Every line in the material below that includes "auto" should be copied.

┏━━

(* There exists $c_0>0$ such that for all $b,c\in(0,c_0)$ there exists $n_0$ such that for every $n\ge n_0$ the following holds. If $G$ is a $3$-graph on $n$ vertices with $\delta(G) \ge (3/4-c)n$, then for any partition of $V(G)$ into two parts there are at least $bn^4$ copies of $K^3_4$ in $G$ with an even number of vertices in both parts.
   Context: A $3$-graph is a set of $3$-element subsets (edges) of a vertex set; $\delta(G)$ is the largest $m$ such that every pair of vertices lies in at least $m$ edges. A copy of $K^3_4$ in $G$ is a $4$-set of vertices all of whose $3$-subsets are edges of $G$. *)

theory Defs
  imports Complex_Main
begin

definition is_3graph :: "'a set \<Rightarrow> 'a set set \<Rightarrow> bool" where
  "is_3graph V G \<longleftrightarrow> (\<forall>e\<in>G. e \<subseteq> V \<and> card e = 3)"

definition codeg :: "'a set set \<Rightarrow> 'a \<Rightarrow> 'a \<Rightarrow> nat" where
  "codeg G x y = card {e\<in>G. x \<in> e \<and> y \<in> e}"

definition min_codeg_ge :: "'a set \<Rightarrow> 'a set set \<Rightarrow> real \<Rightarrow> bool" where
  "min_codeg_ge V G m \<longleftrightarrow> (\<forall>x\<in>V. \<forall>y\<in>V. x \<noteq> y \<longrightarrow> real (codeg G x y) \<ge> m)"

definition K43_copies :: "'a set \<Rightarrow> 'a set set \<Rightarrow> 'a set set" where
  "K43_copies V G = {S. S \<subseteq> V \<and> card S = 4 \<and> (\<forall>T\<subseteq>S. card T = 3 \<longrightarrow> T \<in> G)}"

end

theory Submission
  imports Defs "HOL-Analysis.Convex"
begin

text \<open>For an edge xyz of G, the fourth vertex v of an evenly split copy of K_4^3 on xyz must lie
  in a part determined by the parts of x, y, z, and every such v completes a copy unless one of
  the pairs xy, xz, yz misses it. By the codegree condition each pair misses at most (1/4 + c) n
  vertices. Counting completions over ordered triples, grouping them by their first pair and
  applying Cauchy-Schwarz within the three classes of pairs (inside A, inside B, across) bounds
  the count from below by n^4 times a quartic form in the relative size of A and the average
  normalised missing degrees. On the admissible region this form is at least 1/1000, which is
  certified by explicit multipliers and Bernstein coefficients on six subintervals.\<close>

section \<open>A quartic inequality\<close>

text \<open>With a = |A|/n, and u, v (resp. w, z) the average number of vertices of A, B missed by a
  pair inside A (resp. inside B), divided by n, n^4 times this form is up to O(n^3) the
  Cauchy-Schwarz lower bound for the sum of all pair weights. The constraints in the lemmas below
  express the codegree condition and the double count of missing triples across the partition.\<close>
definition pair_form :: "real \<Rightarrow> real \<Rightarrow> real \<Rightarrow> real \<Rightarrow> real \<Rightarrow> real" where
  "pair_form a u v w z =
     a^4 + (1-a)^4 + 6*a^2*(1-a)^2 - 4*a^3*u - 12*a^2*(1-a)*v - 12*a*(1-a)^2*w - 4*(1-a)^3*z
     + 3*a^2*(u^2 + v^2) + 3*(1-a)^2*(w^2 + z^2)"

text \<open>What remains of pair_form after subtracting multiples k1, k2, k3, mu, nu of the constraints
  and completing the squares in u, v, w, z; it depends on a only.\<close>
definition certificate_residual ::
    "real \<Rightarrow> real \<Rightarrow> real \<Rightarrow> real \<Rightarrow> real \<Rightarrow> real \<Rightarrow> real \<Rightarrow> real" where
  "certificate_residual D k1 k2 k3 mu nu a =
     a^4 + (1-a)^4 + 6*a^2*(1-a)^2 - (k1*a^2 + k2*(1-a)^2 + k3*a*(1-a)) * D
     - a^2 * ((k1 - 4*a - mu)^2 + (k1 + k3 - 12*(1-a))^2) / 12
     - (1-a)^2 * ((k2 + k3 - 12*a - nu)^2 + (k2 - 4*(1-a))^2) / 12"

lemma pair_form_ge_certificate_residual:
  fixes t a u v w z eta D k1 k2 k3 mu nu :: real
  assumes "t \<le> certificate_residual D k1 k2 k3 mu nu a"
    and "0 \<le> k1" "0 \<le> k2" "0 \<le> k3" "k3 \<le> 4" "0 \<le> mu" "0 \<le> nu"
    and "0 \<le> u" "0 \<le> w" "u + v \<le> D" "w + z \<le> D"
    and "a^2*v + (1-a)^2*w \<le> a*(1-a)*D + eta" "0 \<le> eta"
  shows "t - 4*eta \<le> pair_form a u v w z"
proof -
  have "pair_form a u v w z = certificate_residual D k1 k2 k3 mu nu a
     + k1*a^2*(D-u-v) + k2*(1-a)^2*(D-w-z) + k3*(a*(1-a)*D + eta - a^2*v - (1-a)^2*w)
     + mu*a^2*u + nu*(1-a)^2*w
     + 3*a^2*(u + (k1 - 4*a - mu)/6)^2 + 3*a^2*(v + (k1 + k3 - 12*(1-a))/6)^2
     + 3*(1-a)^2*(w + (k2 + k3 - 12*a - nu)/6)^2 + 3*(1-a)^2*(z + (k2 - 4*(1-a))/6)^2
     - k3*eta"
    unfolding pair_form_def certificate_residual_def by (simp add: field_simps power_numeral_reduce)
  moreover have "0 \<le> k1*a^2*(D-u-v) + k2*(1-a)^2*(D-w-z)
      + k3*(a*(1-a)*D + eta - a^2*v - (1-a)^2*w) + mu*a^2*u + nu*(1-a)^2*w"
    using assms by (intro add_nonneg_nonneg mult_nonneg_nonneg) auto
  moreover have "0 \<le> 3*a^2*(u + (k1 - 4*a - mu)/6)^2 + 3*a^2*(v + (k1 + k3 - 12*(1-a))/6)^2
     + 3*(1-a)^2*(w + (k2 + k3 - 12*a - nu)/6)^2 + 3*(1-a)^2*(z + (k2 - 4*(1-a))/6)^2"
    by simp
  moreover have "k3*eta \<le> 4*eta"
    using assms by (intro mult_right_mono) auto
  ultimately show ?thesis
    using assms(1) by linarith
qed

┗━━

- _Response area_
    using assms by (intro add_nonneg_nonneg mult_nonneg_nonneg) auto
    using assms by (intro mult_right_mono) auto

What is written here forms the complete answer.